PASADENA, CA – May 31, 2016

Stanford University’s XStream Trucking team won the US Department of Energy sponsored $50,000 first prize at the 2016 First Look West (FLoW) competition held at the California Institute of Technology on May 18, 2016. XStream’s patented GapGorilla technology deploys a device at highway speeds that closes the gap between a truck’s cab and trailer, reducing drag and improving fuel economy by up to four per cent. GapGorilla has been tested using computer models, wind tunnels, track tests and highway trials. As a result over 1,000 trucks have agreed to paid trials. Ultimately this technology could save the $700 billion long-haul trucking industry up to $2 billion a year on fuel.

GapGorilla creates a reliably unbroken surface at highway speeds yet it can automatically and quickly fold flat when the truck slows down to allow sharp turns. Since two thirds of a truck’s fuel is spent overcoming aerodynamic drag, streamlining this gap improves fuel economy significantly. Additionally, fuel is the largest non-labor cost of running a fleet so a small reduction in its usage could have a large impact on bottom line returns.

Sharing in FLoW’s $100,000+ in prize money and startup packages that include computer aided design software for prototyping, and legal help were second place winners Akabotics, a robotics company cleaning up waterway sediments from University of Hawaii and SkyCool Systems, with novel air conditioning technology from Stanford University.

The Transformational Idea Award went to Element16 Technologies, a UCLA spin-out developing a novel heat storage system that could help relieve the strain on the power grid coping with increasing demand and variable power from renewables. The technology advance is a new type of “heat battery” incorporating inexpensive sulfur liquids as the core element which can economically store heat energy produced by combined heat and power (CHP) plants and release when needed, allowing for electricity to be produced on demand.

FLoW is a program of the Resnick Sustainability Institute at Caltech that provides entrepreneurial support for young scientists and engineers. FLoW’s annual business plan competition is one of eight regional competitions that feeds into the DOE’s National Cleantech UP, where XStream Trucking will compete next.

This year’s winners are:

  • First Place: Stanford University’s XStream Trucking. XStream’s patented GapGorilla deploys at highway speeds to close the gap between a truck’s cab and trailer, thus reducing drag and improving fuel economy by up to four percent. This feat of engineering could save the trucking industry $2 billion a year on fuel, while reducing wear and tear on truck bodies.

  • Second Place (shared): University of Hawaii’s Akabotics and Stanford’s SkyCool Systems. The Akabotics’ Microdredger™ system removes sediment buildups in waterways that increase flooding vulnerabilities, smother marine life, and impede water commerce. The Microdredger™ not only lowers diesel fuel consumption by 90 percent while reducing turbidity; the device can also work continuously and autonomously, reducing operating costs by 75 percent.
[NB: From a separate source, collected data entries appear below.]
definition nae_rel :: "'a set \<Rightarrow> 'a set \<Rightarrow> rat" where
  "nae_rel J x = (if 1 \<le> card (x \<inter> J) \<and> card (x \<inter> J) + 1 \<le> card J then 1 else 0)"

definition strictly_terraced :: "'a set \<Rightarrow> ('a set \<Rightarrow> rat) \<Rightarrow> bool" where
  "strictly_terraced J F \<longleftrightarrow>
     (\<forall>x i j. x \<subseteq> J \<longrightarrow> i \<in> J \<longrightarrow> j \<in> J \<longrightarrow> F x = 0 \<longrightarrow> F (flip x i) = F (flip x j))"

definition is_copy :: "'a set \<Rightarrow> ('a set \<Rightarrow> rat) \<Rightarrow> 'b set \<Rightarrow> ('b set \<Rightarrow> rat) \<Rightarrow> bool" where
  "is_copy I F K G \<longleftrightarrow> (\<exists>\<pi>. bij_betw \<pi> I K \<and> (\<forall>y. y \<subseteq> K \<longrightarrow> G y = F (I \<inter> \<pi> -` y)))"

text \<open>Circuits: incidences Jc, vertices V with incidence sets Jv v partitioning Jc,
  external edges A, internal edges E (a partition of Jc - A into pairs), constraints Fv v.
  Incidences and vertices are taken from nat (every finite circuit is isomorphic to one of these).\<close>
definition is_circuit :: "nat set \<Rightarrow> nat set \<Rightarrow> (nat \<Rightarrow> nat set) \<Rightarrow> nat set \<Rightarrow> nat set set \<Rightarrow> bool" where
  "is_circuit Jc V Jv A E \<longleftrightarrow>
     finite Jc \<and> finite V \<and> (\<Union>v\<in>V. Jv v) = Jc \<and>
     (\<forall>v\<in>V. \<forall>w\<in>V. v \<noteq> w \<longrightarrow> Jv v \<inter> Jv w = {}) \<and>
     A \<subseteq> Jc \<and> (\<forall>e\<in>E. card e = 2) \<and> \<Union>E = Jc - A \<and>
     (\<forall>e\<in>E. \<forall>f\<in>E. e \<noteq> f \<longrightarrow> e \<inter> f = {})"

definition circuit_value :: "nat set \<Rightarrow> nat set \<Rightarrow> (nat \<Rightarrow> nat set) \<Rightarrow> nat set \<Rightarrow> nat set set
    \<Rightarrow> (nat \<Rightarrow> nat set \<Rightarrow> rat) \<Rightarrow> nat set \<Rightarrow> rat" where
  "circuit_value Jc V Jv A E Fv x =
     (\<Sum>x' \<in> {x'. x' \<subseteq> Jc \<and> x' \<inter> A = x \<and> (\<forall>e\<in>E. e \<subseteq> x' \<or> e \<inter> x' = {})}.
        \<Prod>v\<in>V. Fv v (x' \<inter> Jv v))"

definition parity_constraint :: "nat set \<Rightarrow> (nat set \<Rightarrow> rat) \<Rightarrow> bool" where
  "parity_constraint K' G \<longleftrightarrow>
     (\<exists>K :: nat set. finite K \<and> (is_copy K (even_rel K) K' G \<or> is_copy K (odd_rel K) K' G))"

definition parity_circuit :: "'a set \<Rightarrow> ('a set \<Rightarrow> rat) \<Rightarrow> nat set \<Rightarrow> nat set \<Rightarrow> (nat \<Rightarrow> nat set)
    \<Rightarrow> nat set \<Rightarrow> nat set set \<Rightarrow> (nat \<Rightarrow> nat set \<Rightarrow> rat) \<Rightarrow> bool" where
  "parity_circuit J F Jc V Jv A E Fv \<longleftrightarrow>
     is_circuit Jc V Jv A E \<and>
     (\<exists>v0\<in>V. is_copy J F (Jv v0) (Fv v0) \<and> (\<forall>v\<in>V - {v0}. parity_constraint (Jv v) (Fv v)))"

text \<open>Prat(F): supremum of F'(0)/F'(1) over unary parity-signatures F' of F with F'(1) > 0
  (a positive constant multiple cancels in the ratio); 0 if F is identically zero.\<close>
definition Prat :: "'a set \<Rightarrow> ('a set \<Rightarrow> rat) \<Rightarrow> ereal" where
  "Prat J F = (if (\<forall>x. x \<subseteq> J \<longrightarrow> F x = 0) then 0 else
     Sup {ereal (real_of_rat (circuit_value Jc V Jv {a} E Fv {} / circuit_value Jc V Jv {a} E Fv {a}))
          | Jc V Jv a E Fv. parity_circuit J F Jc V Jv {a} E Fv \<and> circuit_value Jc V Jv {a} E Fv {a} > 0})"

end

theory Submission
  imports Defs
begin

(* Flipping one coordinate changes the parity of the weight, so Even and Odd are strictly terraced;
   NAE vanishes only at the empty and the full assignment, where every flip gives weight 1,
   resp. |J| - 1.

   For Prat, the assignments of a circuit that respect the internal edges and satisfy all its
   parity constraints form a family closed under x + y + z (a coset of a GF(2)-subspace).
   If every constraint is a parity relation, two such assignments differ in a set meeting each
   vertex evenly and consisting, apart from the external incidence, of whole internal edges; so
   they agree on the external edge and F'(0) = 0 whenever F'(1) > 0.  With one NAE constraint,
   translation shows that the solutions with external value 0 are no more than those with
   value 1, and that among the latter the two fibres on which the NAE incidences are constant
   are each no larger than the fibre of a NAE-satisfying solution; hence F'(0) <= 3 F'(1). *)

lemma even_card_flip:
  assumes "finite x"
  shows "even (card (flip x i)) \<longleftrightarrow> odd (card x)"
proof (cases "i \<in> x")
  case True
  then have "card x = Suc (card (flip x i))"
    using assms card.remove[of x i] by (simp add: flip_def)
  then show ?thesis by simp
next
  case False
  then show ?thesis using assms by (simp add: flip_def)
qed

lemma flip_subset: "x \<subseteq> J \<Longrightarrow> i \<in> J \<Longrightarrow> flip x i \<subseteq> J"
  by (auto simp: flip_def)

lemma strictly_terraced_even_rel:
  assumes "finite J"
  shows "strictly_terraced J (even_rel J)"
  unfolding strictly_terraced_def
proof (intro allI impI)
  fix x i j assume x: "x \<subseteq> J" and ij: "i \<in> J" "j \<in> J" and "even_rel J x = 0"
  then have "odd (card x)" by (simp add: even_rel_def Int_absorb2 split: if_splits)
  moreover have "finite x" using assms x by (rule finite_subset[rotated])
  ultimately show "even_rel J (flip x i) = even_rel J (flip x j)"
    using x ij by (simp add: even_rel_def Int_absorb2 flip_subset even_card_flip)
qed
Akabotics will impact the $4.3 billion global power plant dredging market where turbines, pumps, inlet canals, and reservoirs need to be free from sediment buildups in order to operate at peak efficiency. In California alone, turbine damage due to siltation has resulted in 2.6 billion kWh lost to reduced efficiency, or $316.5 million in lost electricity sales.

  • Based on research at Stanford University (and funded by the Department of Energy’s ARPA-E), SkyCool Systems’ core product is a rooftop, water cooling panel system that can improve the efficiency of refrigeration and air conditioning systems by up to 40% using an untapped renewable resource: the cold of the sky. In this approach, specialized photonic surfaces reflect the sun’s energy, while transmitting heat as thermal radiation to the sky. By exploiting a phenomenon known as the ‘sky cooling’ effect, these surfaces can remain 18 to 27°F cooler than the ambient air temperature even under direct sunlight. Integration with a building’s chiller and refrigeration system saves customers such as supermarket owners a significant amount of money in operating costs, and allows them to meet new regulatory standards and internal sustainability goals.
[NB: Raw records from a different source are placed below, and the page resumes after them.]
definition full_code :: "(nat \<Rightarrow> pt) \<Rightarrow> nat \<Rightarrow> pt" where
  "full_code z = (\<lambda>l. if l < m then code_point z l else if l < 2 * m then z (l - m + 1) else undefined)"

definition readout_pf :: "(nat \<Rightarrow> pt) \<Rightarrow> pt option" where
  "readout_pf u = (if q (arg_block m u) \<noteq> None \<and> u = full_code (arg_block m u)
                   then q (arg_block m u) else None)"

definition representing_term :: tm where
  "representing_term = Pn readout_pf (map code_term [0..<m] @ var_terms)"

lemma arg_block_tup:
  assumes "z \<in> PiE coords (\<lambda>_. UNIV)" "off + m \<le> length ys"
    and "\<And>i. i \<in> coords \<Longrightarrow> ys ! (off + i - 1) = z i"
  shows "arg_block off (tup ys) = z"
proof
  fix i show "arg_block off (tup ys) i = z i"
  proof (cases "i \<in> coords")
    case True
    then have "off + i - 1 < length ys" using assms(2) by auto
    then show ?thesis using True assms(3) by (simp add: arg_block_def tup_def)
  next
    case False
    then show ?thesis
      unfolding arg_block_def if_not_P[OF False] using PiE_arb[OF assms(1) False] by simp
  qed
qed

lemma eval_var_terms: "map (\<lambda>t. eval f t z) var_terms = map (\<lambda>i. Some (z i)) [1..<Suc m]"
  by (simp add: var_terms_def)

lemma eval_preimage:
  assumes "z \<in> PiE coords (\<lambda>_. UNIV)"
  shows "eval f (Pn (preimage_pf j l) var_terms) z =
           (if q z \<noteq> None then Some (dec (code_point z j) l) else None)"
proof -
  have "arg_block 0 (tup (map z [1..<Suc m])) = z"
    by (rule arg_block_tup[OF assms]) (auto simp del: upt_Suc)
  moreover have "eval f (Pn (preimage_pf j l) var_terms) z = preimage_pf j l (tup (map z [1..<Suc m]))"
    by (simp only: eval.simps eval_var_terms those_map_Some option.case)
  ultimately show ?thesis by (simp add: preimage_pf_def)
qed

lemma eval_code_term:
  assumes "z \<in> PiE coords (\<lambda>_. UNIV)" "q z \<noteq> None" "j < m"
  shows "eval f (code_term j) z = Some (code_point z j)"
proof -
  have pre: "dec (code_point z j) \<in> PiE {..<k} (\<lambda>_. A) \<and> f (dec (code_point z j)) = code_point z j"
    using dec code_point_range[OF assms(2,3)] by blast
  have tup: "tup (map (dec (code_point z j)) [0..<k]) = dec (code_point z j)"
  proof
    fix x show "tup (map (dec (code_point z j)) [0..<k]) x = dec (code_point z j) x"
      using pre PiE_arb[of "dec (code_point z j)" "{..<k}" "\<lambda>_. A" x] by (simp add: tup_def)
  qed
  have "map (\<lambda>t. eval f t z) (map (\<lambda>l. Pn (preimage_pf j l) var_terms) [0..<k])
          = map (\<lambda>l. Some (dec (code_point z j) l)) [0..<k]"
    using eval_preimage[OF assms(1)] assms(2) by simp
  then have "eval f (code_term j) z = Some (f (tup (map (dec (code_point z j)) [0..<k])))"
    by (simp only: code_term_def eval.simps those_map_Some option.case)
  then show ?thesis using tup pre by simp
qed

lemma eval_outer_args:
  assumes z: "z \<in> PiE coords (\<lambda>_. UNIV)" and defined: "q z \<noteq> None"
  shows "map (\<lambda>t. eval f t z) (map code_term [0..<m] @ var_terms)
           = map (\<lambda>l. Some (full_code z l)) [0..<2 * m]"
proof (rule nth_equalityI)
  fix l assume "l < length (map (\<lambda>t. eval f t z) (map code_term [0..<m] @ var_terms))"
  then have l: "l < 2 * m" by (simp add: var_terms_def del: upt_Suc)
  show "map (\<lambda>t. eval f t z) (map code_term [0..<m] @ var_terms) ! l
          = map (\<lambda>l. Some (full_code z l)) [0..<2 * m] ! l"
  proof (cases "l < m")
    case True
    then show ?thesis using l eval_code_term[OF z defined] by (simp add: nth_append full_code_def)
  next
    case False
    then have "l - m < m" "Suc 0 + (l - m) = l - m + 1" using l by auto
    then show ?thesis using False l by (simp add: nth_append full_code_def var_terms_def del: upt_Suc)
  qed
qed (simp add: var_terms_def del: upt_Suc)

text \<open>Off the domain of \<open>q\<close> the outer node is undefined
  because it reads back the argument \<open>z\<close> from its last \<open>m\<close> arguments.\<close>

lemma eval_representing_term:
  assumes z: "z \<in> PiE coords (\<lambda>_. UNIV)"
  shows "eval f representing_term z = q z"
proof -
  define xs where "xs = map (\<lambda>t. eval f t z) (map code_term [0..<m] @ var_terms)"
  have block: "arg_block m (tup ys) = z" if those: "those xs = Some ys" for ys
  proof (rule arg_block_tup[OF z])
    have len: "length ys = m + m"
      using those_SomeD[OF those] by (simp add: xs_def var_terms_def del: upt_Suc)
    then show "m + m \<le> length ys" by simp
    show "ys ! (m + i - 1) = z i" if "i \<in> coords" for i
    proof -
      have "i - 1 < m" "\<not> m + i - 1 < m" "m + i - 1 - m = i - 1" "Suc 0 + (i - 1) = i"
        using that by auto
      then have "xs ! (m + i - 1) = Some (z i)"
        by (simp add: xs_def nth_append var_terms_def del: upt_Suc)
      then show ?thesis using those_SomeD[OF those] len that by auto
    qed
  qed
  have eval_xs: "eval f representing_term z
                   = (case those xs of None \<Rightarrow> None | Some ys \<Rightarrow> readout_pf (tup ys))"
    unfolding representing_term_def xs_def by (simp only: eval.simps)
  show ?thesis
  proof (cases "q z = None")
    case True
    then show ?thesis using eval_xs block by (auto simp: readout_pf_def split: option.split)
  next
    case False
    then have those: "those xs = Some (map (full_code z) [0..<2 * m])"
      using eval_outer_args[OF z] by (simp add: xs_def those_map_Some)
    have "tup (map (full_code z) [0..<2 * m]) = full_code z"
      by (rule ext) (simp add: tup_def full_code_def)
    then show ?thesis using those block[OF those] False eval_xs by (simp add: readout_pf_def)
  qed
qed

text \<open>The inner nodes take values in \<open>A \<in> I\<close>, so they belong to \<open>\<C>\<^sub>I\<close>.\<close>

lemma preimage_pf_in_CI:
  assumes "j < m" "l < k"
  shows "partial_in_clone idealI {..<m} (preimage_pf j l)"
proof (rule partial_in_cloneI_idealI)
  fix B :: "pt set"
  have "d \<in> A" if "preimage_pf j l u = Some d" for u d
  proof -
    from that have "q (arg_block 0 u) \<noteq> None" "d = dec (code_point (arg_block 0 u) j) l"
      by (auto simp: preimage_pf_def split: if_splits)
    moreover have "dec (code_point (arg_block 0 u) j) \<in> PiE {..<k} (\<lambda>_. A)"
      using dec code_point_range calculation(1) assms(1) by blast
    ultimately show "d \<in> A" using assms(2) by auto
  qed
  then show "\<exists>Y\<in>idealI. \<forall>u\<in>PiE {..<m} (\<lambda>_. B). \<forall>d. preimage_pf j l u = Some d \<longrightarrow> d \<in> Y"
    using A_I by blast
qed

definition readout_range :: "pt set \<Rightarrow> pt set" where
  "readout_range B = {d. \<exists>z. q z = Some d \<and> (\<forall>j<m. code_point z j \<in> B) \<and> (\<forall>i\<in>coords. z i \<in> B)}"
  • Transformational Idea Award: Element16 Technologies. Developed at UCLA, this company’s new type of “heat battery” incorporates inexpensive sulfur liquids as the core element that can economically store heat energy produced by combined heat and power (CHP) plants. CHP plants generate 12 per cent of electricity in the United States and the DOE has set a target of 20 per cent by the year 2030, with 87 percent supporting high temperature industrial needs in the US. The invention, funded by $5 million in federal, state, and private financing, including support from Southern California Gas, can help “levelize” the grid’s power peaks and valleys, and ensure CHP plants will be able to operate at top efficiency and meet their customer’s needs.

About First Look West (FLoW)

FLoW is a program of the Resnick Sustainability Institute at Caltech that provides educational and financial support for student and newly graduated scientists and engineers starting cleantech ventures. FLoW was originally launched as the Western region of the Department of Energy’s National Clean Energy Business Plan Competition (now Cleantech UP) for university students. The FLoW competition continues on as an integral part of the FLoW program, which also offers a cohesive set of services for startups, from early idea through demonstration. To date, FLoW has helped launch 20 companies that together have raised over $40 million. With entrepreneurial training, mentoring and real world exposure, FLoW aims to provide an unparalleled educational experience and become an indispensible resource for scientists and engineers starting their first cleantech company.